lemma synchronized_from_beeps:
  assumes "synchronized_from T V B kap s t0" "v \<in> V" "\<forall>q. kap q < T"
  shows "\<exists>t\<ge>t0. s t v \<in> B"
proof -
  let ?j = "T - kap (s t0 v)"
  have "kap (s (t0 + ?j) v) = (kap (s t0 v) + ?j) mod T"
    using synchronized_from_clock[OF assms] .
  also have "kap (s t0 v) + ?j = T"
    using assms(3) by (simp add: less_imp_le_nat)
  finally have "s (t0 + ?j) v \<in> B"
    using synchronized_fromD(3)[OF assms(1) _ assms(2)] by simp
  then show ?thesis
    using le_add1 by blast
qed

lemma not_eventually_synchronized_if_silent:
  assumes "\<forall>t. \<forall>v\<in>V. s t v \<notin> B" "V \<noteq> {}" "\<forall>q. kap q < T"
  shows "\<not> eventually_synchronized T V B kap s"
  using assms synchronized_from_beeps unfolding eventually_synchronized_def by blast

text \<open>With \<open>T \<ge> 2\<close>, a synchronized execution never beeps in two consecutive rounds.\<close>

lemma not_eventually_synchronized_if_beeping_always:
  assumes beeps: "\<forall>t. \<exists>v\<in>V. s t v \<in> B" and "2 \<le> T"
  shows "\<not> eventually_synchronized T V B kap s"
proof
  assume "eventually_synchronized T V B kap s"
  then obtain t0 where S: "synchronized_from T V B kap s t0"
    unfolding eventually_synchronized_def by blast
  obtain u where u: "u \<in> V" "s t0 u \<in> B"
    using beeps by blast
  obtain v where v: "v \<in> V" "s (Suc t0) v \<in> B"
    using beeps by blast
  have "kap (s t0 v) = 0"
    using synchronized_fromD[OF S order_refl] u v(1) by metis
  then have "kap (s (Suc t0) v) = 1"
    using synchronized_fromD(2)[OF S _ v(1)] \<open>2 \<le> T\<close> by simp
  moreover have "kap (s (Suc t0) v) = 0"
    using synchronized_fromD(3)[OF S _ v(1)] v(2) by simp
  ultimately show False
    by simp
qed

definition star_graph :: "nat \<Rightarrow> nat \<Rightarrow> nat \<Rightarrow> bool" where
  "star_graph n u v \<longleftrightarrow> (u = 0 \<and> v \<in> {1..n}) \<or> (v = 0 \<and> u \<in> {1..n})"

definition complete_graph :: "nat \<Rightarrow> nat \<Rightarrow> nat \<Rightarrow> bool" where
  "complete_graph n u v \<longleftrightarrow> u \<noteq> v \<and> u < n \<and> v < n"

lemma connected_graph_singleton: "connected_graph {0} (\<lambda>_ _. False)"
  unfolding connected_graph_def by simp

lemma connected_graph_star: "connected_graph {0..n} (star_graph n)"
  unfolding connected_graph_def
proof (intro conjI ballI allI impI)
  have "(u, 0) \<in> {(x, y). star_graph n x y}\<^sup>* \<and> (0, u) \<in> {(x, y). star_graph n x y}\<^sup>*"
    if "u \<in> {0..n}" for u
    using that by (cases "u = 0") (auto simp: star_graph_def intro: r_into_rtrancl)
  then show "(u, v) \<in> {(x, y). star_graph n x y}\<^sup>*" if "u \<in> {0..n}" "v \<in> {0..n}" for u v
    using that by (meson rtrancl_trans)
qed (auto simp: star_graph_def)

lemma connected_graph_complete:
  assumes "0 < n"
  shows "connected_graph {..<n} (complete_graph n)"
  unfolding connected_graph_def
proof (intro conjI ballI allI impI)
  show "(u, v) \<in> {(x, y). complete_graph n x y}\<^sup>*" if "u \<in> {..<n}" "v \<in> {..<n}" for u v
    using that by (cases "u = v") (auto simp: complete_graph_def intro: r_into_rtrancl)
qed (use assms in \<open>auto simp: complete_graph_def\<close>)

locale beeping_protocol =
  fixes B :: "'q set" and sigB :: "'q \<Rightarrow> 'q" and sigL :: "'q \<Rightarrow> bool \<Rightarrow> 'q"
begin

text \<open>\<open>step False\<close> and \<open>step True\<close> are the maps \<open>f\<close> and \<open>g\<close> of the proof idea.\<close>

definition step :: "bool \<Rightarrow> 'q \<Rightarrow> 'q" where
  "step heard q = (if q \<in> B then sigB q else sigL q heard)"

abbreviation run :: "nat set \<Rightarrow> (nat \<Rightarrow> nat \<Rightarrow> bool) \<Rightarrow> (nat \<Rightarrow> 'q) \<Rightarrow> nat \<Rightarrow> nat \<Rightarrow> 'q" where
  "run V E init \<equiv> exec V E B sigB sigL init"

lemma run_Suc:
  "run V E init (Suc t) v = step (\<exists>u\<in>V. E v u \<and> run V E init t u \<in> B) (run V E init t v)"
  by (simp add: step_def Let_def)

lemma step_beeping: "q \<in> B \<Longrightarrow> step heard q = step True q"
  by (simp add: step_def)

lemma isolated_node_never_synchronized:
  assumes "\<forall>i. (step False ^^ i) q \<notin> B" "\<forall>q. kap q < T"
  shows "\<not> eventually_synchronized T {0} B kap (run {0} (\<lambda>_ _. False) (\<lambda>_. q))"
proof (rule not_eventually_synchronized_if_silent)
  have "run {0} (\<lambda>_ _. False) (\<lambda>_. q) t 0 = (step False ^^ t) q" for t
    by (induction t) (simp_all only: run_Suc, auto)
  then show "\<forall>t. \<forall>v\<in>{0}. run {0} (\<lambda>_ _. False) (\<lambda>_. q) t v \<notin> B"
    using assms(1) by simp
qed (use assms(2) in auto)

··········

* _Task details_: Could you transcribe all of the data exactly as it is given?

* _Task result_:
lemma synchronized_from_beeps:
  assumes "synchronized_from T V B kap s t0" "v \<in> V" "\<forall>q. kap q < T"
  shows "\<exists>t\<ge>t0. s t v \<in> B"
proof -
  let ?j = "T - kap (s t0 v)"
  have "kap (s (t0 + ?j) v) = (kap (s t0 v) + ?j) mod T"
    using synchronized_from_clock[OF assms] .
  also have "kap (s t0 v) + ?j = T"
    using assms(3) by (simp add: less_imp_le_nat)
  finally have "s (t0 + ?j) v \<in> B"
    using synchronized_fromD(3)[OF assms(1) _ assms(2)] by simp
  then show ?thesis
    using le_add1 by blast
qed

lemma not_eventually_synchronized_if_silent:
  assumes "\<forall>t. \<forall>v\<in>V. s t v \<notin> B" "V \<noteq> {}" "\<forall>q. kap q < T"
  shows "\<not> eventually_synchronized T V B kap s"
  using assms synchronized_from_beeps unfolding eventually_synchronized_def by blast

text \<open>With \<open>T \<ge> 2\<close>, a synchronized execution never beeps in two consecutive rounds.\<close>

lemma not_eventually_synchronized_if_beeping_always:
  assumes beeps: "\<forall>t. \<exists>v\<in>V. s t v \<in> B" and "2 \<le> T"
  shows "\<not> eventually_synchronized T V B kap s"
proof
  assume "eventually_synchronized T V B kap s"
  then obtain t0 where S: "synchronized_from T V B kap s t0"
    unfolding eventually_synchronized_def by blast
  obtain u where u: "u \<in> V" "s t0 u \<in> B"
    using beeps by blast
  obtain v where v: "v \<in> V" "s (Suc t0) v \<in> B"
    using beeps by blast
  have "kap (s t0 v) = 0"
    using synchronized_fromD[OF S order_refl] u v(1) by metis
  then have "kap (s (Suc t0) v) = 1"
    using synchronized_fromD(2)[OF S _ v(1)] \<open>2 \<le> T\<close> by simp
  moreover have "kap (s (Suc t0) v) = 0"
    using synchronized_fromD(3)[OF S _ v(1)] v(2) by simp
  ultimately show False
    by simp
qed

definition star_graph :: "nat \<Rightarrow> nat \<Rightarrow> nat \<Rightarrow> bool" where
  "star_graph n u v \<longleftrightarrow> (u = 0 \<and> v \<in> {1..n}) \<or> (v = 0 \<and> u \<in> {1..n})"

definition complete_graph :: "nat \<Rightarrow> nat \<Rightarrow> nat \<Rightarrow> bool" where
  "complete_graph n u v \<longleftrightarrow> u \<noteq> v \<and> u < n \<and> v < n"

lemma connected_graph_singleton: "connected_graph {0} (\<lambda>_ _. False)"
  unfolding connected_graph_def by simp

lemma connected_graph_star: "connected_graph {0..n} (star_graph n)"
  unfolding connected_graph_def
proof (intro conjI ballI allI impI)
  have "(u, 0) \<in> {(x, y). star_graph n x y}\<^sup>* \<and> (0, u) \<in> {(x, y). star_graph n x y}\<^sup>*"
    if "u \<in> {0..n}" for u
    using that by (cases "u = 0") (auto simp: star_graph_def intro: r_into_rtrancl)
  then show "(u, v) \<in> {(x, y). star_graph n x y}\<^sup>*" if "u \<in> {0..n}" "v \<in> {0..n}" for u v
    using that by (meson rtrancl_trans)
qed (auto simp: star_graph_def)

lemma connected_graph_complete:
  assumes "0 < n"
  shows "connected_graph {..<n} (complete_graph n)"
  unfolding connected_graph_def
proof (intro conjI ballI allI impI)
  show "(u, v) \<in> {(x, y). complete_graph n x y}\<^sup>*" if "u \<in> {..<n}" "v \<in> {..<n}" for u v
    using that by (cases "u = v") (auto simp: complete_graph_def intro: r_into_rtrancl)
qed (use assms in \<open>auto simp: complete_graph_def\<close>)

locale beeping_protocol =
  fixes B :: "'q set" and sigB :: "'q \<Rightarrow> 'q" and sigL :: "'q \<Rightarrow> bool \<Rightarrow> 'q"
begin

text \<open>\<open>step False\<close> and \<open>step True\<close> are the maps \<open>f\<close> and \<open>g\<close> of the proof idea.\<close>

definition step :: "bool \<Rightarrow> 'q \<Rightarrow> 'q" where
  "step heard q = (if q \<in> B then sigB q else sigL q heard)"

abbreviation run :: "nat set \<Rightarrow> (nat \<Rightarrow> nat \<Rightarrow> bool) \<Rightarrow> (nat \<Rightarrow> 'q) \<Rightarrow> nat \<Rightarrow> nat \<Rightarrow> 'q" where
  "run V E init \<equiv> exec V E B sigB sigL init"

lemma run_Suc:
  "run V E init (Suc t) v = step (\<exists>u\<in>V. E v u \<and> run V E init t u \<in> B) (run V E init t v)"
  by (simp add: step_def Let_def)

lemma step_beeping: "q \<in> B \<Longrightarrow> step heard q = step True q"
  by (simp add: step_def)

lemma isolated_node_never_synchronized:
  assumes "\<forall>i. (step False ^^ i) q \<notin> B" "\<forall>q. kap q < T"
  shows "\<not> eventually_synchronized T {0} B kap (run {0} (\<lambda>_ _. False) (\<lambda>_. q))"
proof (rule not_eventually_synchronized_if_silent)
  have "run {0} (\<lambda>_ _. False) (\<lambda>_. q) t 0 = (step False ^^ t) q" for t
    by (induction t) (simp_all only: run_Suc, auto)
  then show "\<forall>t. \<forall>v\<in>{0}. run {0} (\<lambda>_ _. False) (\<lambda>_. q) t v \<notin> B"
    using assms(1) by simp
qed (use assms(2) in auto)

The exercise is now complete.